Material and methods

Baseline characteristics

The clinical data of colorectal cancer patients admitted to our hospital from January 2017 to December 2021 were enrolled in our study and analyzed retrospectively.

Inclusion criteria are as follows:

  1. (1)

    Colorectal cancer was diagnosed by pathological examination.

  2. (2)

    Routine blood examination and tumor markers were performed before surgery.
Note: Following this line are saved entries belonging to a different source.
(* For a squarefree integer $d$, the curve $H^d: d y^2=(x^2-x-3)(x^2+2x-12)$ is everywhere locally solvable (has points over $\mathbb{R}$ and over $\mathbb{Q}_p$ for every prime $p$) if and only if every prime $p\mid d$ satisfies $(\tfrac{p}{13})=1$ or $p=13$.
   Context: $(\tfrac{p}{13})$ is the Legendre symbol. Local solvability refers to the smooth projective model of the genus one curve $d y^2=(x^2-x-3)(x^2+2x-12)$. *)

theory Defs
  imports "HOL-Number_Theory.Number_Theory" "HOL-Computational_Algebra.Squarefree" Complex_Main
begin

text \<open>The smooth projective model of d y^2 = F(x) is the curve
  d Y^2 = F(X,Z) in the weighted projective plane P(1,2,1),
  points being triples with (X,Z) nonzero, modulo (X,Y,Z) ~ (l X, l^2 Y, l Z).\<close>

definition Fh :: "'a::comm_ring_1 \<Rightarrow> 'a \<Rightarrow> 'a" where
  "Fh X Z = (X^2 - X*Z - 3*Z^2) * (X^2 + 2*X*Z - 12*Z^2)"

text \<open>A p-adic integer is represented as a coherent sequence of integers:
  x k is its residue modulo p^k, and x (k+1) reduces to x k modulo p^k
  (Z_p = inverse limit of Z/p^k Z).\<close>

definition padic_int :: "nat \<Rightarrow> (nat \<Rightarrow> int) \<Rightarrow> bool" where
  "padic_int p x \<longleftrightarrow> (\<forall>k. [x (Suc k) = x k] (mod (int p ^ k)))"

definition padic_nonzero :: "nat \<Rightarrow> (nat \<Rightarrow> int) \<Rightarrow> bool" where
  "padic_nonzero p x \<longleftrightarrow> (\<exists>k. \<not> [x k = 0] (mod (int p ^ k)))"
(* Let $(Y,\lambda)\in\{-1,1\}\times\{-1,1\}^m$ follow the Ising model $$P(Y,\lambda)=\frac1Z\exp\Big(\theta_Y Y+\sum_k\theta_k\lambda_kY+\sum_{(k,l)\in E_\lambda}\theta_{kl}\lambda_k\lambda_l\Big),$$ where $E_\lambda$ is a set of unordered pairs of distinct sources, each source in at most one pair. Let $(i,j)\in E_\lambda$. Then $$\varepsilon_{ij}:=\mathbb E[\lambda_i\lambda_j]-\mathbb E[\lambda_iY]\mathbb E[\lambda_jY]=\Delta_{ij}-\Delta_ia_j'-\Delta_ja_i'-\Delta_i\Delta_j,$$ where $$z_{ij}=\sum_{s_i,s_j\in\{\pm1\}}\exp(s_i\theta_i+s_j\theta_j+s_is_j\theta_{ij}),\qquad z'_{ij}=\sum_{s_i,s_j\in\{\pm1\}}\exp(s_i\theta_i+s_j\theta_j),$$ $$\Delta_i=\frac{2}{z_{ij}z'_{ij}}(e^{\theta_{ij}}-e^{-\theta_{ij}})(e^{2\theta_j}-e^{-2\theta_j}),\qquad \Delta_j=\frac{2}{z_{ij}z'_{ij}}(e^{\theta_{ij}}-e^{-\theta_{ij}})(e^{2\theta_i}-e^{-2\theta_i}),$$ $$\Delta_{ij}=\frac{2}{z_{ij}z'_{ij}}(e^{\theta_{ij}}-e^{-\theta_{ij}})(e^{2\theta_i}+e^{-2\theta_i}+e^{2\theta_j}+e^{-2\theta_j}),$$ $$a_i'=\frac{2}{z'_{ij}}e^{\theta_i}(e^{\theta_j}+e^{-\theta_j})-1,\qquad a_j'=\frac{2}{z'_{ij}}e^{\theta_j}(e^{\theta_i}+e^{-\theta_i})-1.$$ Moreover, $\varepsilon_{ij}\in(0,1)$ if $\theta_i,\theta_j,\theta_{ij}>0$.
   Context: $Z$ is the normalizing constant. *)

theory Defs
  imports "HOL-Analysis.Analysis"
begin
Exclusion criteria are as follows:

  1. (1)

    Concurrent or secondary to other malignant tumors.

  2. (2)

    Underwent chemoradiotherapy before surgery.

  3. (3)

    Preoperative complications: Acute injury, acute and chronic inflammation, kidney disease, liver disease, liver disease, blood disease, and autoimmune disease.

  4. (4)

    Administration of anticoagulants, acetylsalicylic acid, or statins 3 months previous to surgery.

Blood parameters are the ones closest to the operative time. All methods were performed in accordance with relevant guidelines and regulations, and informed consent was obtained from all subjects and/or their legal guardians. This study was approved by the Ethics Committee of Northern Jiangsu People’s Hospital.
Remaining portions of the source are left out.